Unknown to Turkey and Brazil, however, the Obama administration had all along been operating under a plan designed by Dennis Ross. Known as the “hybrid option,” the plan called for the US to pursue unconditional negotiations with Iran while simultaneously seeking tougher sanctions, focusing in particular on offering incentives to China and Russia for their support in the UNSC. Just days before Iran agreed to the Turkey-Brazil proposal, the US won China and Russia’s agreement to support tougher UN sanctions. Also, long before any negotiations began, Obama had assured Netanyahu in a May 2009 meeting at the White House that diplomacy had an end-of-year timetable after which sanctions and the military option would be on the table, according to leaked State Dept cables. The year-end deadline had passed, China and Russia were on board, and the Obama administration ended up rebuking Brazil and Turkey for their mediation efforts. Parsi’s book focuses on the single issue of diplomacy, but nevertheless it tackles a number of related issues. He highlights how despite Israel’s propaganda claim that Iran’s nuclear program represents an “existential threat,” Israeli Defense Minister Barak in Feb 2010 said:
I don’t think the Iranians, even if they got the bomb, would drop it in the neighborhood. They fully understand what might follow. They are radical but not totally crazy. They have a quite sophisticated decision-making process, and they understand reality.

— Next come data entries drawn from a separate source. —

(* (Perfect soundness of the Five Cells protocol.) Let a Five Cells puzzle on an $m\times n$ grid be given. If the prover $P$ does not know a solution of the puzzle, then in the Five Cells zero-knowledge protocol described in the context the verifier $V$ always rejects; equivalently, if $V$ accepts, then the cards printed during the protocol determine a partition of the grid into pentominoes which is a valid solution of the puzzle.
   Context: Five Cells puzzle: an $m\times n$ rectangular grid in which some cells contain a number. A solution is a partition of the grid into pentominoes (connected sets of 5 cells; a pentomino obtained from another by rotation or reflection counts as a different type, giving 63 types) such that for every numbered cell, the number equals the number of that cell's four edges which are borders of pentominoes (edges on the outer boundary of the grid count as borders). Cards: each card has either an integer or nothing (a blank card) on its front; all backs are indistinguishable. A pile-shifting shuffle applied to a matrix of face-down cards (each entry may be a stack, all stacks in a row of equal size) cyclically shifts its columns by a uniformly random amount unknown to everyone. Chosen cut protocol: given face-down cards (or equal-size stacks) $c_1,\dots,c_q$ and a secret index $i$ chosen by $P$, $P$ forms a $3\times q$ matrix with row 1 equal to $c_1,\dots,c_q$, row 2 a face-down card $1$ in column $i$ and $0$ elsewhere, row 3 a card $1$ in column 1 and $0$ elsewhere (turned face-down); a pile-shifting shuffle is applied; row 2 is revealed and the card of row 1 above the $1$ is $c_i$; after $c_i$ has been used it is put back, all face-up cards are turned face-down, another pile-shifting shuffle is applied, row 3 is revealed and the columns are cyclically shifted so that its $1$ returns to column 1. Printing protocol: given a face-down $p\times q$ template and a face-down $p\times q$ area, each template card is placed on the corresponding area card, forming $pq$ stacks of two; for each stack, $P$ uses the chosen cut protocol to select one of its two cards, the selected card is revealed, $V$ rejects unless it is blank, and it is removed. Five Cells protocol: $P$ publicly puts a blank card on every cell, appends 4 rows and 4 columns of blank "dummy" cards below and to the right, and turns all cards face-down, giving an $(m+4)\times(n+4)$ matrix, read row by row as a sequence $a_1,a_2,\dots$. $P$ builds 63 templates, one per pentomino type: a $5\times5$ matrix with the pentomino at the top-left, each of its cells a card with the number of that cell's edges which are borders of the pentomino, all other cards blank; $V$ checks all templates. For $i=1,\dots,k$ with $k=mn/5$: (1) using the chosen cut protocol on the sequence, $P$ selects the top-left card of a $5\times5$ area (cards at positions $j+r(n+4)+c$, $0\le r,c\le4$); (2) using the chosen cut protocol, $P$ selects one template; (3) the printing protocol is applied to this template and area; (4) $P$ reconstructs a template and returns it to the pile, and $V$ checks again that the pile consists of the 63 correct templates (rejecting otherwise). Finally $P$ reveals the cards on the originally numbered cells and $V$ rejects unless they match the given numbers; $P$ reveals all dummy cards and $V$ rejects unless they are blank. Otherwise $V$ accepts. *)

theory Defs
  imports Main "HOL-Library.Disjoint_Sets"
begin
lemma orthogonal_matrix_inj_rows:
  fixes Q :: "real^'n^'n"
  assumes "orthogonal_matrix Q"
  shows "inj (($) Q)"
proof (rule injI)
  have unit: "inner (Q $ i) (Q $ i) = 1" and orth: "i \<noteq> k \<Longrightarrow> inner (Q $ i) (Q $ k) = 0" for i k
    using assms
    by (simp_all add: orthogonal_matrix_orthonormal_rows row_def vec_nth_inverse norm_eq_1 orthogonal_def)
  fix i k assume "Q $ i = Q $ k"
  then show "i = k"
    using unit[of i] orth[of i k] by fastforce
qed

lemma real_balanced_four_splitter_iff_rows:
  "real_balanced_four_splitter R \<longleftrightarrow>
    (\<forall>i. pm_half_vec (R $ i)) \<and> (\<forall>i k. i \<noteq> k \<longrightarrow> inner (R $ i) (R $ k) = 0)"
proof -
  have "norm (R $ i) = 1" if "pm_half_vec (R $ i)" for i
    using inner_self_pm_half_vec[OF that] by (simp add: norm_eq_1)
  then show ?thesis
    unfolding real_balanced_four_splitter_def orthogonal_matrix_orthonormal_rows pm_half_vec_def
    by (auto simp: row_def vec_nth_inverse orthogonal_def)
qed

lemma permute_rows_nth [simp]: "permute_rows p R $ i = R $ p i"
  by (simp add: permute_rows_def vec_eq_iff)

lemma negate_row_nth [simp]: "negate_row k R $ i = (if i = k then - R $ i else R $ i)"
  by (simp add: negate_row_def vec_eq_iff)

lemma negate_col_nth [simp]: "negate_col c R $ i = (\<chi> j. if j = c then - R $ i $ j else R $ i $ j)"
  by (simp add: negate_col_def vec_eq_iff)

lemma splitter_step_sym: "symp (splitter_step c)"
proof (rule sympI)
  fix R S assume "splitter_step c R S"
  then show "splitter_step c S R"
  proof cases
    case (perm p)
    then have "R = permute_rows (inv p) S"
      by (simp add: vec_eq_iff permutes_inverses)
    then show ?thesis
      using perm splitter_step.perm[OF permutes_inv] by metis
  next
    case (negrow k)
    then have "R = negate_row k S" by (simp add: vec_eq_iff)
    then show ?thesis by (simp add: splitter_step.negrow)
  next
    case negcol
    then have "R = negate_col c S" by (simp add: vec_eq_iff)
    then show ?thesis by (simp add: splitter_step.negcol)
  qed
qed

lemma splitter_reachable_step: "splitter_step c R S \<Longrightarrow> splitter_reachable c R S"
  by (simp add: splitter_reachable_def)

lemma splitter_reachable_trans [trans]:
  "splitter_reachable c R S \<Longrightarrow> splitter_reachable c S T \<Longrightarrow> splitter_reachable c R T"
  unfolding splitter_reachable_def by (rule rtranclp_trans)

lemma splitter_reachable_sym: "splitter_reachable c R S \<Longrightarrow> splitter_reachable c S R"
  unfolding splitter_reachable_def using sympD[OF symp_rtranclp[OF splitter_step_sym]] .

lemma splitter_step_balanced:
  assumes "splitter_step c R S" and "real_balanced_four_splitter R"
  shows "real_balanced_four_splitter S"
  using assms(1)
proof cases
  case (perm p)
  have "inj p" using perm(2) by (rule permutes_inj)
  then show ?thesis
    using assms(2) perm unfolding real_balanced_four_splitter_iff_rows by (auto simp: inj_eq)
next
  case (negrow k)
  then show ?thesis
    using assms(2) unfolding real_balanced_four_splitter_iff_rows pm_half_vec_def by auto
next
  case negcol
  have "inner (S $ i) (S $ k) = inner (R $ i) (R $ k)" for i k
    unfolding negcol inner_vec_def by (rule sum.cong) auto
  then show ?thesis
    using assms(2) negcol unfolding real_balanced_four_splitter_iff_rows pm_half_vec_def by auto
qed

lemma splitter_reachable_balanced:
  assumes "splitter_reachable c R S" and "real_balanced_four_splitter R"
  shows "real_balanced_four_splitter S"
  using assms unfolding splitter_reachable_def
  by (induction rule: rtranclp_induct) (auto intro: splitter_step_balanced)

definition negate_rows :: "4 set \<Rightarrow> real^4^4 \<Rightarrow> real^4^4" where
  "negate_rows K R = (\<chi> i. if i \<in> K then - R $ i else R $ i)"

lemma splitter_reachable_negate_rows: "splitter_reachable c R (negate_rows K R)"
proof -
  have "finite K" by simp
  then show ?thesis
  proof (induction K rule: finite_induct)
    case empty
    have "negate_rows {} R = R" by (simp add: negate_rows_def vec_eq_iff)
    then show ?case by (simp add: splitter_reachable_def)
  next
    case (insert k K)
    have "negate_rows (insert k K) R = negate_row k (negate_rows K R)"
      using insert.hyps(2) by (simp add: negate_rows_def vec_eq_iff)
    then show ?case
      using insert.IH splitter_reachable_trans splitter_reachable_step splitter_step.negrow by metis
  qed
qed

lemma balanced_sign_parity_rows_eq:
  assumes "real_balanced_four_splitter R"
  shows "sign_parity (R $ i) = sign_parity (R $ k)"
  using assms orthogonal_pm_half_vecs_same_sign_parity
  unfolding real_balanced_four_splitter_iff_rows by (cases "i = k") auto

definition splitter_normal_form :: "4 \<Rightarrow> real^4^4 \<Rightarrow> bool" where
  "splitter_normal_form c N \<longleftrightarrow>
     real_balanced_four_splitter N \<and> (\<forall>i. N $ i $ c = 1/2 \<and> sign_parity (N $ i) = 1)"

lemma exists_splitter_normal_form:
  assumes "real_balanced_four_splitter R"
  obtains N where "splitter_reachable c R N" and "splitter_normal_form c N"
proof -
  define R' where "R' = (if sign_parity (R $ 1) = 1 then R else negate_col c R)"
  have R_R': "splitter_reachable c R R'"
    unfolding R'_def using splitter_reachable_step splitter_step.negcol
    by (simp add: splitter_reachable_def)
  have "sign_parity (R $ 1) = 1 \<or> sign_parity (R $ 1) = -1"
    using assms sign_parity_cases unfolding real_balanced_four_splitter_iff_rows by blast
  then have parity_R': "sign_parity (R' $ i) = 1" for i
    using balanced_sign_parity_rows_eq[OF assms, of i 1] sign_parity_negate_component[of c "R $ i"]
    unfolding R'_def by auto
  define N where "N = negate_rows {i. R' $ i $ c < 0} R'"
  have R'_N: "splitter_reachable c R' N"
    unfolding N_def by (rule splitter_reachable_negate_rows)
  have balanced_R': "real_balanced_four_splitter R'"
    using splitter_reachable_balanced[OF R_R' assms] .
  have N_row: "N $ i = (if R' $ i $ c < 0 then - R' $ i else R' $ i)" for i
    by (simp add: N_def negate_rows_def)
  have "N $ i $ c = 1/2" for i
  proof -
    have "\<bar>R' $ i $ c\<bar> = 1/2"
      using balanced_R' unfolding real_balanced_four_splitter_def by blast
    then show ?thesis unfolding N_row by auto
  qed
  moreover have "sign_parity (N $ i) = 1" for i
    using parity_R' sign_parity_uminus[where 'n = 4] N_row by simp
  moreover have "real_balanced_four_splitter N"
    using splitter_reachable_balanced[OF R'_N balanced_R'] .
  ultimately show ?thesis
    using that splitter_reachable_trans[OF R_R' R'_N] unfolding splitter_normal_form_def by blast
qed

Parsi quotes former Israeli deputy minister of defense Efraim Sneh to show that what Israel really fears is the undermining of its role as a dominant regional power. Sneh said, in an interview conducted for this book:
I don’t want the Israeli-Palestinian negotiations to be held under the shadow of an Iranian nuclear bomb.
Parsi also maintains that Israel has long feared that it might one day be abandoned by the US. He quotes a prediction made by an advisor to Netanyahu:
The Great Satan will make up with Iran and forget about Israel.
Moreover, he argues that if the goal of sanctions is to oust the current Iranian government, it will do little to end Iran’s nuclear ambitions since nearly all segments of Iranian society, including the reformist Green Movement, support Iran’s quest for a civilian nuclear energy program. In fact, Parsi shows, many reform leaders attacked Ahmadinejad for making too many concessions in the negotiations. Parsi’s book fails to analyse the series of events that occurred during Bush 43’s last year in office, when Israel proposed a joint preemptive air strike against Iran. The Bush administration turned down the request, but agreed instead to conduct a joint covert campaign of sabotage against Iran. According to Andrew Cockburn, Bush issued a “finding” that gave executive approval to assassinations, even though an executive order issued in the 1970s forbids political assassinations. This covert war, still being waged against Iran, has significantly increased the likelihood of open warfare.